The equation for the chemical composition is given by

(25)\[\begin{split}\boxed{ \begin{aligned} \dfrac{1}{Sc}\left[\left(Sc\dfrac{\partial}{\partial t} + \kappa_\xi\,\dfrac{\ell(\ell+1)}{r^2} \right)\right. & \,{\cal C}_n & \\ -\kappa_\xi\,\left(\dfrac{d\ln\kappa_\xi}{dr}+\dfrac{d\ln\tilde{\rho}}{dr}+ +\dfrac{2}{r}\right) &\,{\cal C}'_n & \\ -\kappa_\xi & \,{\cal C}''_n \left. \phantom{\dfrac{d\nu}{dr}}\right]& \xi_{\ell m n} \\ = {\cal N}^\xi_{\ell m} = \int d\Omega\,{Y_{\ell}^{m}}^\star\,{\cal N}^\xi = \int d\Omega\,{Y_{\ell}^{m}}^\star\,\left[-\vec{u}\cdot\vec{\nabla}\xi \right]\,. & & \end{aligned}}\end{split}\]

Once again, the numerical evaluation of the right-hand-side (i.e. the non-linear term) is discussed below.

See also

The exact computation of the linear terms of (25) are coded in the subroutines get_xiMat

Equation for the poloidal magnetic potential \(g\)

The equation for the poloidal magnetic potential is the radial component of the dynamo equation since

\[\vec{e_r}\cdot\left(\dfrac{\partial \vec{B}}{\partial t}\right) = \dfrac{\partial}{\partial t}(\vec{e_r}\cdot\vec{B})=-\Delta_H\dfrac{\partial g}{\partial t}.\]

The spectral form then reads

(26)\[\begin{split}\boxed{ \begin{aligned} \dfrac{\ell(\ell+1)}{r^2}\left[\left(\dfrac{\partial}{\partial t} + \dfrac{1}{Pm}\lambda\,\dfrac{\ell(\ell+1)}{r^2} \right)\right. & \,{\cal C}_n & \\ -\dfrac{1}{Pm}\,\lambda & \,{\cal C}''_n \left. \phantom{\dfrac{d\nu}{dr}}\right]& g_{\ell m n} \\ = {\cal N}^g_{\ell m} = \int d\Omega\,{Y_{\ell}^{m}}^\star\,{\cal N}^g=\int d\Omega\,{Y_{\ell}^{m}}^\star\,\vec{e_r}\cdot \vec{D}\,. & & \end{aligned}}\end{split}\]

See also

The exact computation of the linear terms of (26) are coded in the subroutines get_bMat

Equation for the toroidal magnetic potential \(h\)

The equation for the toroidal magnetic field coefficient reads

(27)\[\begin{split}\boxed{ \begin{aligned} \dfrac{\ell(\ell+1)}{r^2}\left[\left(\dfrac{\partial}{\partial t} + \dfrac{1}{Pm}\lambda\,\dfrac{\ell(\ell+1)}{r^2} \right)\right. & \,{\cal C}_n & \\ -\dfrac{1}{Pm}\,\dfrac{d\lambda}{dr} &\,{\cal C}'_n & \\ -\dfrac{1}{Pm}\,\lambda & \,{\cal C}''_n \left. \phantom{\dfrac{d\nu}{dr}}\right]& h_{\ell m n} \\ = {\cal N}^h_{\ell m}= \int d\Omega\,{Y_{\ell}^{m}}^\star\,{\cal N}^h = \int d\Omega\,{Y_{\ell}^{m}}^\star\,\vec{e_r}\cdot \left(\vec{\nabla}\times \vec{D}\right)\,. & & \end{aligned}}\end{split}\]

See also

The exact computation of the linear terms of (27) are coded in the subroutines get_bMat

Note

We note that the terms on the left hand side of (26) and (27) resulting from the magnetic diffusion term and the explicit time derivative completely decouple in spherical harmonic degree and order.

The dynamo term does not decouple:

(28)\[\vec{D}=\vec{\nabla}\times\left(\vec{u}\times\vec{B}\right)\,.\]

We have now derived a full set of equations (20), (21), (22), (24), (26) and (27), each describing the evolution of a single spherical harmonic mode of the six unknown fields (assuming that the terms on the right hand side are given).
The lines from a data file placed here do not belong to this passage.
theorem theorem4p3:
  fixes ds :: "nat list" and q :: "(widx \<Rightarrow> real) \<Rightarrow> real"
  assumes L: "length ds \<ge> 2"
    and widths: "\<forall>l < length ds. ds ! l \<ge> 1"
    and q_meas: "q \<in> borel_measurable (wspace ds)"
    and q_nonneg: "\<forall>\<omega>\<in>space (wspace ds). q \<omega> \<ge> 0"
    and q_int: "integrable (wspace ds) q"
    and q_norm: "(\<integral>\<omega>. q \<omega> \<partial>wspace ds) = 1"
    and fin_HG: "integrable (wspace ds) (\<lambda>\<omega>. symdens ds q \<omega> * ln (symdens ds q \<omega>))"
    and fin_HK: "\<forall>K\<ge>1. \<forall>gs\<in>gtuples ds K.
                   integrable (wspace ds) (\<lambda>\<omega>. q \<omega> * HK_integrand ds q K gs \<omega>)"
  shows "(\<forall>K\<ge>1. HK ds q K \<le> diff_entropy (wspace ds) (symdens ds q))
         \<and> (\<lambda>K. HK ds q K) \<longlonglongrightarrow> diff_entropy (wspace ds) (symdens ds q)"
proof -
  let ?H = "diff_entropy (wspace ds) (symdens ds q)" and ?n = "card (permgroup ds)"
  have upper: "HK ds q K \<le> ?H" if "1 \<le> K" for K
    using HK_le_diff_entropy[OF that q_nonneg fin_HG] fin_HK that by blast
  have lower: "?H - ln (1 + ?n / K) \<le> HK ds q K" if "1 \<le> K" for K
    using diff_entropy_le_HK[OF that q_nonneg q_int q_norm fin_HG] fin_HK that by blast
  have "(\<lambda>K. ?H - ln (1 + ?n / K)) \<longlonglongrightarrow> ?H - ln (1 + 0)"
    by (intro tendsto_intros lim_const_over_n) auto
  then have "(\<lambda>K. ?H - ln (1 + ?n / K)) \<longlonglongrightarrow> ?H"
    by simp
  then have "(\<lambda>K. HK ds q K) \<longlonglongrightarrow> ?H"
  proof (rule tendsto_sandwich[rotated 2, OF _ tendsto_const])
    show "\<forall>\<^sub>F K in sequentially. ?H - ln (1 + ?n / K) \<le> HK ds q K"
      using lower by (intro eventually_sequentiallyI[of 1])
    show "\<forall>\<^sub>F K in sequentially. HK ds q K \<le> ?H"
      using upper by (intro eventually_sequentiallyI[of 1])
  qed
  with upper show ?thesis
    by blast
qed

end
Each equation couples \(N+1\) Chebyshev coefficients for a given spherical harmonic mode \((\ell,m)\). Typically, a collocation method is employed to solve for the Chebyshev coefficients. This means that the equations are required to be exactly satisfied at \(N-1\) grid points defined by the equations (18) and (19). Excluded are the points \(r=r_i\) and \(r=r_o\), where the boundary conditions provide additional constraints on the set of Chebyshev coefficients.

Time-stepping schemes

Implicit time stepping schemes theoretically offer increased stability and allow for larger time steps. However, fully implicit approaches have the disadvantage that the nonlinear-terms couple all spherical harmonic modes. The potential gain in computational speed is therefore lost at higher resolution, where one very large matrix has to be dealt with rather than a set of much smaller ones. Similar considerations hold for the Coriolis force, one of the dominating forces in the system and therefore a prime candidate for implicit treatment. However, the Coriolis term couples modes \((\ell,m,n)\) with \((\ell+1,m,n)\) and \((\ell-1,m,n)\) and also couples poloidal and toroidal flow potentials. An implicit treatment of the Coriolis term therefore also results in a much larger (albeit sparse) inversion matrix.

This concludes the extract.